*** Opening of Supplied records ***

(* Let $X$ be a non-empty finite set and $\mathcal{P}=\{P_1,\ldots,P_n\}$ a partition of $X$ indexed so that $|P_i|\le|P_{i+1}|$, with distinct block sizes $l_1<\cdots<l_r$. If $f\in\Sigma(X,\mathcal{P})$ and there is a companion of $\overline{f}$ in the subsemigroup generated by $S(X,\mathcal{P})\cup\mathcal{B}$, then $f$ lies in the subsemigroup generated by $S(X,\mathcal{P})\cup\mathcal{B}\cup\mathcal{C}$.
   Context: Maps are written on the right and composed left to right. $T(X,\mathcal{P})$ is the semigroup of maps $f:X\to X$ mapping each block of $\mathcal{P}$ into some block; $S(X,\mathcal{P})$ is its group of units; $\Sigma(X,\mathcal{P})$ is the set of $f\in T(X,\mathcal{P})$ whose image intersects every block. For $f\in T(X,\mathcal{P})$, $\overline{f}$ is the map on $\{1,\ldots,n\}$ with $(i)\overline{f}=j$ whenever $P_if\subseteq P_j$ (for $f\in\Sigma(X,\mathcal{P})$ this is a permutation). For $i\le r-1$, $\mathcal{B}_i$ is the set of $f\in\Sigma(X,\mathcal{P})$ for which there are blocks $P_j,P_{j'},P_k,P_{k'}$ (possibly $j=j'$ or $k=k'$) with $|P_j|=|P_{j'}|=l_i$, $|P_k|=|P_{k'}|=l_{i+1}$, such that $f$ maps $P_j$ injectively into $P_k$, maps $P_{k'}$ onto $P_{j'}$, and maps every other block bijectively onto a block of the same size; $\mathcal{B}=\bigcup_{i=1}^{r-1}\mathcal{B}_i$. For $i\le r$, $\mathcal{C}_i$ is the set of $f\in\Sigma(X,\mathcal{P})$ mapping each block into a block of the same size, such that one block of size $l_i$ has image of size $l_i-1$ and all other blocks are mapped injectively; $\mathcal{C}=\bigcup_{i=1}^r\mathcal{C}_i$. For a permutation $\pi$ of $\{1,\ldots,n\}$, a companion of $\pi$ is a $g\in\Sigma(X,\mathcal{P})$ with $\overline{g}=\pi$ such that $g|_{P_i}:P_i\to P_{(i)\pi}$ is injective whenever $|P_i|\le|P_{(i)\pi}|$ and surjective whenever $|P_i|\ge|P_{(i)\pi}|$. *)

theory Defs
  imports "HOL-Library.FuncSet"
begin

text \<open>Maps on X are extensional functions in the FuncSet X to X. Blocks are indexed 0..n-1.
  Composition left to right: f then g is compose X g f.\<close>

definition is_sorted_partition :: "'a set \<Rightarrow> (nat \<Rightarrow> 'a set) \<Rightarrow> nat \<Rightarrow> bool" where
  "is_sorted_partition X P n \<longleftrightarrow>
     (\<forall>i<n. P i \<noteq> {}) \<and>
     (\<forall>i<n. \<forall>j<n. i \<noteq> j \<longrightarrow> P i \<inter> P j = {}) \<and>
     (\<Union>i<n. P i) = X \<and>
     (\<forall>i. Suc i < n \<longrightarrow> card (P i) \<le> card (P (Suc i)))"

*** Close of Supplied records ***
*** Opening of Supplied records ***

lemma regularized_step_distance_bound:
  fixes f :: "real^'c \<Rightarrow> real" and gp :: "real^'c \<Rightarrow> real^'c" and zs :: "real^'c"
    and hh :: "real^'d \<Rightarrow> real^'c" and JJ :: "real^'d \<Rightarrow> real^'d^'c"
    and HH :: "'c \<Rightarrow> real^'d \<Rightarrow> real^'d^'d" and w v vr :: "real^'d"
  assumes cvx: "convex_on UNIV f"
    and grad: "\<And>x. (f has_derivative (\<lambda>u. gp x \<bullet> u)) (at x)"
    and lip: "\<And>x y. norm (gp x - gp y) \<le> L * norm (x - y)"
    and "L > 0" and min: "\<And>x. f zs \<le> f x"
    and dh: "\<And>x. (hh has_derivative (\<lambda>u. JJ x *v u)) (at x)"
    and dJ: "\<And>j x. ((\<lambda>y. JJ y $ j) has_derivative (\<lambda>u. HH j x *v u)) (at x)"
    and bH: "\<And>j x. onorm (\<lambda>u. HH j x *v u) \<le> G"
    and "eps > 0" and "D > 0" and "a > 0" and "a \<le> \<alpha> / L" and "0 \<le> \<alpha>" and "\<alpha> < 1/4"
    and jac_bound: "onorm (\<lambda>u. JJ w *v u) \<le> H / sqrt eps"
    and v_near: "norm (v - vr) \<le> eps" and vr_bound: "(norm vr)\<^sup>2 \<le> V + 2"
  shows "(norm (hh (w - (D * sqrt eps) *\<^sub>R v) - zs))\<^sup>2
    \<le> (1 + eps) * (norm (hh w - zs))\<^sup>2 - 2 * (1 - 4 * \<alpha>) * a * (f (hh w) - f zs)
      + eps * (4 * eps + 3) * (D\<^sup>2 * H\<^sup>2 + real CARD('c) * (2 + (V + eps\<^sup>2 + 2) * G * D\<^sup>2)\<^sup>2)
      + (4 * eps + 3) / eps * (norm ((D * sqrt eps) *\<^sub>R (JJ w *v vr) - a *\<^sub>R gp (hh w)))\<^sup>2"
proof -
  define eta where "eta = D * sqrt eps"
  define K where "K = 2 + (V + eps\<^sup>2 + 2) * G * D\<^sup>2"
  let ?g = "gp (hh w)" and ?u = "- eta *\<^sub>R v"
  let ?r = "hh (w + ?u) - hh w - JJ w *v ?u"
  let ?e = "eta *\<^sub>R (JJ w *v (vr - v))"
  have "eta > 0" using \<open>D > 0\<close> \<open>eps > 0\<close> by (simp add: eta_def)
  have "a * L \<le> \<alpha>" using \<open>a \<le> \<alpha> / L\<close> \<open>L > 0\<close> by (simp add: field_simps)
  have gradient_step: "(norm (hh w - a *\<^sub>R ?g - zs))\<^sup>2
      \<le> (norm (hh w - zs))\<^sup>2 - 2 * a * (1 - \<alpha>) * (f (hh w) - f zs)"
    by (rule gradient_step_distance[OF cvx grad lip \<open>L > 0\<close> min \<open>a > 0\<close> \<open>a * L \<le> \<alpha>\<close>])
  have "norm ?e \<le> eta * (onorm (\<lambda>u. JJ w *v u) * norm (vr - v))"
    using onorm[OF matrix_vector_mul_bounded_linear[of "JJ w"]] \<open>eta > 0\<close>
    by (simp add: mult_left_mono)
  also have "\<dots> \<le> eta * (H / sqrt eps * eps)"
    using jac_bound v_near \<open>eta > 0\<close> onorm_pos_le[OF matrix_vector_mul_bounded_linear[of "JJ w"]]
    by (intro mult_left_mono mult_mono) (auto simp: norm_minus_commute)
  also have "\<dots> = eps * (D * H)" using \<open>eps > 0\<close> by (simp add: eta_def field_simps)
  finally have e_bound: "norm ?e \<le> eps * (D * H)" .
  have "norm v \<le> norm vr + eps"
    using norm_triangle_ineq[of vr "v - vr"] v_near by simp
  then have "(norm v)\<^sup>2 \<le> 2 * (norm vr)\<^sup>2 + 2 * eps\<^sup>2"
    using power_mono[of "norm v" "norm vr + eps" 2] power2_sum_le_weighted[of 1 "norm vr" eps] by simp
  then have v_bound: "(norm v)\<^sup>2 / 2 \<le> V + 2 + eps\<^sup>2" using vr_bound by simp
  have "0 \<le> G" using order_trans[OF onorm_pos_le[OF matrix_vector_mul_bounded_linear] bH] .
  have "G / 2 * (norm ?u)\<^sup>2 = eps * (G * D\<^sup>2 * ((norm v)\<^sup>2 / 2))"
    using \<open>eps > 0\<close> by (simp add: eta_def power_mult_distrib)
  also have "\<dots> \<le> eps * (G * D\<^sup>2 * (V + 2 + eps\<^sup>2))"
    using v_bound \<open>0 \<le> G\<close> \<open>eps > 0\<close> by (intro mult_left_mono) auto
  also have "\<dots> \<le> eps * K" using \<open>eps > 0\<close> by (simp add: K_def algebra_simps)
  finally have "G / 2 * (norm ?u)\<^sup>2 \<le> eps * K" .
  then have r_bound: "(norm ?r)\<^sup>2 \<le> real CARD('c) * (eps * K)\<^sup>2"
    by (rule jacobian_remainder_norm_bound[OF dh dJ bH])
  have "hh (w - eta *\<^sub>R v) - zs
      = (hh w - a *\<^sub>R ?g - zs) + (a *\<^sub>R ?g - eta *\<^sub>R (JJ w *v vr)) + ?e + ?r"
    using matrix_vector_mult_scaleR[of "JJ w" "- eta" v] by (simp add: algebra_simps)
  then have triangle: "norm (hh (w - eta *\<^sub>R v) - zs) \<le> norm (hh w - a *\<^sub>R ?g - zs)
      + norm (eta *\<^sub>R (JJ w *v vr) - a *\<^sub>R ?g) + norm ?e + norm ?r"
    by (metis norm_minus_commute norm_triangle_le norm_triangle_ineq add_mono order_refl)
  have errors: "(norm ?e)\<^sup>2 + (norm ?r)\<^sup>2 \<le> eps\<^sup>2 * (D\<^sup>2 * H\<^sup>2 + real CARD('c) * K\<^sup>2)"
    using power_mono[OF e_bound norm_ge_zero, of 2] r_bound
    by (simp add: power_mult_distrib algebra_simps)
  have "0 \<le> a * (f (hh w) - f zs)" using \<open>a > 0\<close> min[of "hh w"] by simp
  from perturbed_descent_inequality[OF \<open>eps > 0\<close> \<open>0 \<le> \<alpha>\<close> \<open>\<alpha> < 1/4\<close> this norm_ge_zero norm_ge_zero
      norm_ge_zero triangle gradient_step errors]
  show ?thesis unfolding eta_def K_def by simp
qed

*** Close of Supplied records ***
*** Opening of Supplied records ***

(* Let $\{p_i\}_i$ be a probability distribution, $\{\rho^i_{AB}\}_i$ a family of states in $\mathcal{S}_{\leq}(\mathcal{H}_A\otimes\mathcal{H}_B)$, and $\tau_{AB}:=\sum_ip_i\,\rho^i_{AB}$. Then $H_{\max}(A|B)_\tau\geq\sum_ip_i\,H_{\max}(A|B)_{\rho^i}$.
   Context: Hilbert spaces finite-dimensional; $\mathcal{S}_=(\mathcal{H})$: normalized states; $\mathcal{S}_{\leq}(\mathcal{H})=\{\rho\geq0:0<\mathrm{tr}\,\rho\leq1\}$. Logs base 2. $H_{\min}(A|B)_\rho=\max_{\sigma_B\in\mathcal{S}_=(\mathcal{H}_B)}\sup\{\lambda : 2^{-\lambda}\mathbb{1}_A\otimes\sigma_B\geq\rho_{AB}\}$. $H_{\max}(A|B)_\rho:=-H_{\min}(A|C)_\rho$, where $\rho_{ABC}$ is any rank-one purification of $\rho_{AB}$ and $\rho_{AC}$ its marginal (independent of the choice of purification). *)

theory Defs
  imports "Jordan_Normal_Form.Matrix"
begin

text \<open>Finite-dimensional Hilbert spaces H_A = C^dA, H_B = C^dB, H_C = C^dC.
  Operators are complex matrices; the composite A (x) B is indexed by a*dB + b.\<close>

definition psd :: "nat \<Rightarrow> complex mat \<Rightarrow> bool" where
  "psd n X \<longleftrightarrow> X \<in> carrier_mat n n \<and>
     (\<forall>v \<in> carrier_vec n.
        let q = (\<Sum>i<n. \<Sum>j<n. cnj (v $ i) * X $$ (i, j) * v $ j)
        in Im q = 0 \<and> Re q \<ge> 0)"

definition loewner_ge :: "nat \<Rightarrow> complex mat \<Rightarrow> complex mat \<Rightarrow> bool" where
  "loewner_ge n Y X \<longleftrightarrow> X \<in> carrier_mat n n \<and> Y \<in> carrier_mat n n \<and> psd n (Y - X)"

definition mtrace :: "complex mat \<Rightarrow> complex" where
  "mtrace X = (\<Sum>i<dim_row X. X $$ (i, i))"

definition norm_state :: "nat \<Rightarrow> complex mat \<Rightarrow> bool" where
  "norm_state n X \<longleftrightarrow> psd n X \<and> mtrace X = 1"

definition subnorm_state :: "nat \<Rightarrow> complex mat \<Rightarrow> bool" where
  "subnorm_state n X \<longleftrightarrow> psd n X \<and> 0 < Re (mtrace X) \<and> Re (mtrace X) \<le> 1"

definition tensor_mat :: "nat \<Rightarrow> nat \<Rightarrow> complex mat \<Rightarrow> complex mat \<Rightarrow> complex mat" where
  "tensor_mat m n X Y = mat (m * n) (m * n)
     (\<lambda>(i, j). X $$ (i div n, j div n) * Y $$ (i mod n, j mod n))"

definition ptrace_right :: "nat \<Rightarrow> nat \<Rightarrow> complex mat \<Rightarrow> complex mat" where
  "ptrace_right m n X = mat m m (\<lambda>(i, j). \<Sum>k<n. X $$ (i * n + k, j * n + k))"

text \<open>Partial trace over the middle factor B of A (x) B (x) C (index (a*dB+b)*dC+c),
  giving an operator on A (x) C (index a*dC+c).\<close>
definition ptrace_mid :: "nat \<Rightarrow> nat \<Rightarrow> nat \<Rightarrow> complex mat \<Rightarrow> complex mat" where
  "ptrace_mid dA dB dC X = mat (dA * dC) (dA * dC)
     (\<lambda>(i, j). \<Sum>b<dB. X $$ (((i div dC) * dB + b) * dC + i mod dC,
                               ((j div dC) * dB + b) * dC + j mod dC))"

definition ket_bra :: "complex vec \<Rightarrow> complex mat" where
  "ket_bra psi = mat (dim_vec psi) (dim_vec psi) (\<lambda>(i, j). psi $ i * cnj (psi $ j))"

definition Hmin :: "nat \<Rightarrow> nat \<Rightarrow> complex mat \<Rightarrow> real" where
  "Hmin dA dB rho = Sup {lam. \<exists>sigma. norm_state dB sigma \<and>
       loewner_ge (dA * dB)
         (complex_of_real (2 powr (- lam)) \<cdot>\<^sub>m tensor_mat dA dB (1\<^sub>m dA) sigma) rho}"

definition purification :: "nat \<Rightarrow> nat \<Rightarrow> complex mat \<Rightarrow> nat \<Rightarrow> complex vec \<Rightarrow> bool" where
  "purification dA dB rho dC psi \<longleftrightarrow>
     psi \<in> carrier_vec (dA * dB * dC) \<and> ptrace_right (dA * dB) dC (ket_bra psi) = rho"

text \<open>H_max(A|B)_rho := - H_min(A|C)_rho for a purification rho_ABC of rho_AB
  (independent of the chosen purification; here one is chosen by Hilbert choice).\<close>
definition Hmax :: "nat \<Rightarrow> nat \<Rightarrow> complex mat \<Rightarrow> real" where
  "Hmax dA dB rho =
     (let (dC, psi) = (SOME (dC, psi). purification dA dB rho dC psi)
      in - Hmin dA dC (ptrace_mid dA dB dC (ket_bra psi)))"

*** Close of Supplied records ***

Working from the data above, extract solely the lines from the one containing "(f has_derivative (\<lambda>u." through the one containing "(simp add: eta_def)", exactly as they appear, both included.

    and grad: "\<And>x. (f has_derivative (\<lambda>u. gp x \<bullet> u)) (at x)"
    and lip: "\<And>x y. norm (gp x - gp y) \<le> L * norm (x - y)"
    and "L > 0" and min: "\<And>x. f zs \<le> f x"
    and dh: "\<And>x. (hh has_derivative (\<lambda>u. JJ x *v u)) (at x)"
    and dJ: "\<And>j x. ((\<lambda>y. JJ y $ j) has_derivative (\<lambda>u. HH j x *v u)) (at x)"
    and bH: "\<And>j x. onorm (\<lambda>u. HH j x *v u) \<le> G"
    and "eps > 0" and "D > 0" and "a > 0" and "a \<le> \<alpha> / L" and "0 \<le> \<alpha>" and "\<alpha> < 1/4"
    and jac_bound: "onorm (\<lambda>u. JJ w *v u) \<le> H / sqrt eps"
    and v_near: "norm (v - vr) \<le> eps" and vr_bound: "(norm vr)\<^sup>2 \<le> V + 2"
  shows "(norm (hh (w - (D * sqrt eps) *\<^sub>R v) - zs))\<^sup>2
    \<le> (1 + eps) * (norm (hh w - zs))\<^sup>2 - 2 * (1 - 4 * \<alpha>) * a * (f (hh w) - f zs)
      + eps * (4 * eps + 3) * (D\<^sup>2 * H\<^sup>2 + real CARD('c) * (2 + (V + eps\<^sup>2 + 2) * G * D\<^sup>2)\<^sup>2)
      + (4 * eps + 3) / eps * (norm ((D * sqrt eps) *\<^sub>R (JJ w *v vr) - a *\<^sub>R gp (hh w)))\<^sup>2"
proof -
  define eta where "eta = D * sqrt eps"
  define K where "K = 2 + (V + eps\<^sup>2 + 2) * G * D\<^sup>2"
  let ?g = "gp (hh w)" and ?u = "- eta *\<^sub>R v"
  let ?r = "hh (w + ?u) - hh w - JJ w *v ?u"
  let ?e = "eta *\<^sub>R (JJ w *v (vr - v))"
  have "eta > 0" using \<open>D > 0\<close> \<open>eps > 0\<close> by (simp add: eta_def)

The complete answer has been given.